Don Seymour, managing director of DMS Management, one of the largest fund governance firms in the Cayman Islands, called for closer regulation of hedge fund directors by the Cayman Islands Monetary Authority and the introduction of a director disqualification regime during last week’s Cayman Fund Focus conference hosted by law firm Campbells.
“At a minimum we need a directors disqualification regime in Cayman,” Mr. Seymour said in a panel debate about the future of fund directors. “I think that CIMA needs more power over the way directors run their business.”
“To bring what is a very core function in the fund control structure under the regulatory ambit would be really good for the industry,” he said.
While he had a clear idea of what regulation should look like, Mr. Seymour said, the conference was not the appropriate forum to share any details. However, he said if CIMA had the power to regulate the individual investor, it would remove some of the questions, because there would be some independent oversight from CIMA in terms of whether a director has sufficient capacity to discharge their duties.
“I don’t think you can leave that question to self certification,” he said.
Currently the conduct of hedge fund directors is governed by a combination of common law duties and specific regulations in the Mutual Funds Law that extend to governance, but there is no codified regulation.

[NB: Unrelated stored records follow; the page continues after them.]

(* Let $\beta\in(0,1]$, let $\mathfrak{g}(x)=x^\beta$ and $\mathfrak{h}(x)=\frac{1}{\log(1/x)}$ (for small $x>0$, with $\mathfrak h(0)=0$). If $E\subseteq\mathbb{R}^2$ is an $F_{\mathfrak{h}\mathfrak{g}}$-set, then $\dim(E)\ge\frac{\beta}{2}$.
   Context: $\dim$ denotes Hausdorff dimension. For a non-decreasing $h$ with $h(0)=0$, $F\subseteq\mathbb{R}^n$, $\delta>0$: $\mathcal{H}^h_\delta(F)=\inf\{\sum_i h(\mathrm{diam}(F_i)): F\subseteq\bigcup_i F_i,\ \mathrm{diam}(F_i)<\delta\}$ and $\mathcal{H}^h(F)=\sup_{\delta>0}\mathcal{H}^h_\delta(F)$. $\mathbb{S}$ is the unit circle. A set $E\subseteq\mathbb{R}^2$ is an $F_{\mathfrak{h}\mathfrak{g}}$-set if there is $L\subseteq\mathbb{S}$ with $\mathcal{H}^{\mathfrak{g}}(L)>0$ and a number $\delta_E>0$ such that for each $e\in L$ there is a line segment $\ell_e$ in direction $e$ with $\mathcal{H}^{\mathfrak{h}}_\delta(\ell_e\cap E)>1$ for all $0<\delta<\delta_E$. *)

theory Defs
  imports "HOL-Analysis.Analysis"
begin

definition hcontent :: "(real \<Rightarrow> real) \<Rightarrow> real \<Rightarrow> 'a::metric_space set \<Rightarrow> ennreal" where
  "hcontent h \<delta> F =
     (INF C \<in> {C :: nat \<Rightarrow> 'a set. F \<subseteq> (\<Union>i. C i) \<and> (\<forall>i. bounded (C i) \<and> diameter (C i) < \<delta>)}.
        (\<Sum>i. ennreal (h (diameter (C i)))))"

definition hmeasure :: "(real \<Rightarrow> real) \<Rightarrow> 'a::metric_space set \<Rightarrow> ennreal" where
  "hmeasure h F = (SUP \<delta> \<in> {0<..}. hcontent h \<delta> F)"

definition hdim :: "'a::metric_space set \<Rightarrow> ereal" where
  "hdim F = Inf {ereal s | s. 0 \<le> s \<and> hmeasure (\<lambda>x. x powr s) F = 0}"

Asked whether directors’ duties should be codified in the Cayman Islands Companies Law as it has recently been done in UK law, Mr. Seymour responded: “Yes.”
CIMA’s powers are weak
Hedge fund directorships have come under more scrutiny in the wake of the Cayman Islands Grand Court decision in the Weavering case, in which the court found the fund directors guilty of wilful neglect or default in the discharge of their duties and fined each of the defendants US$111 million.
Although panellists at the one-day conference agreed the Weavering case was not indicative of fund director services in the Cayman Islands, because the directors were Swedish and family relations of the fund manager, Jason Papastavrou of Aris Capital Management, was critical of his experience with fund directors in the Cayman Islands.
Mr. Papastavrou gave the example of a court case in which the fund director did nothing in response to an obvious false statement by the fund manager during court proceedings relating to the retention of auditors.
“What I would like to see is that directors who do not act to protect investors when problems emerge should be prevented from being fund directors,” he said.
Mr. Seymour said he has been on both sides of the issue and noted that when he was the first head of investment services at the Cayman Islands Monetary Authority, he took enforcement action and disqualified directors.
CIMA has some limited powers, such as the requirement within the Mutual Funds Law setting the requirement that directors need to be “fit and proper” persons. RJ Berry, head of compliance at CIMA, noted that according to the law the authority has the power to “substitute” directors, but there are question marks over who should take over the directorship and how this would work in practice. In the Weavering case, substitution of the directors would not have changed anything, he said, adding things would be different if Cayman had a disqualification regime.
The number one item on his agenda is to tie the fit and proper test to some sort of disqualification regime, “because right now it is a very weak power to substitute somebody”, Mr. Berry said.
As far as regulating directors is concerned, there is a whole spectrum of opinions from “it is not broke, don’t fix it” on one end to “complete overhaul” of the current regime on the other, Mr. Berry said. He personally has “a long list of things that should be considered” by CIMA to improve fund governance, but currently he is focused on the entities not complying with regulatory requirements, he said, and warned in the future there will be an increase in the number of regulatory and enforcement actions.
No hard cap
One criticism of Cayman fund directors in the past has been that there is no limit on the number of directorships an individual director can take on. This has raised doubts among investors over the ability of directors to a large number of funds to perform their duties effectively.
A survey of large institutional investors in hedge funds by fund governance firm Carne found 58 per cent of respondents believed that an individual director should not hold more than 30 directorships and a third said that 40 directorships should be the maximum.
An article published in the Financial Times this week said FT research had “identified 19 individuals across the Caymans’ fiduciary service firms with more than 50 appointments, 14 of whom held more than 70”.
Mr. Seymour, who was named by a separate article in the Financial Times this week as one of the fund directors in Cayman with the highest number of directorships, said there should not be a cap on the absolute number of directorships. But he said CIMA should be enabled to determine whether individual directors are able to discharge their duties in an effective way.
“I do think this is a resource question and certainly there is a limit to what any one director can do. My issue is that it needs to be adjudicated by someone from an independent perspective because not every person has the same capacity,” he said. “There should not be any sort of hard cap, but I do think that CIMA needs to be empowered to make capacity decisions.”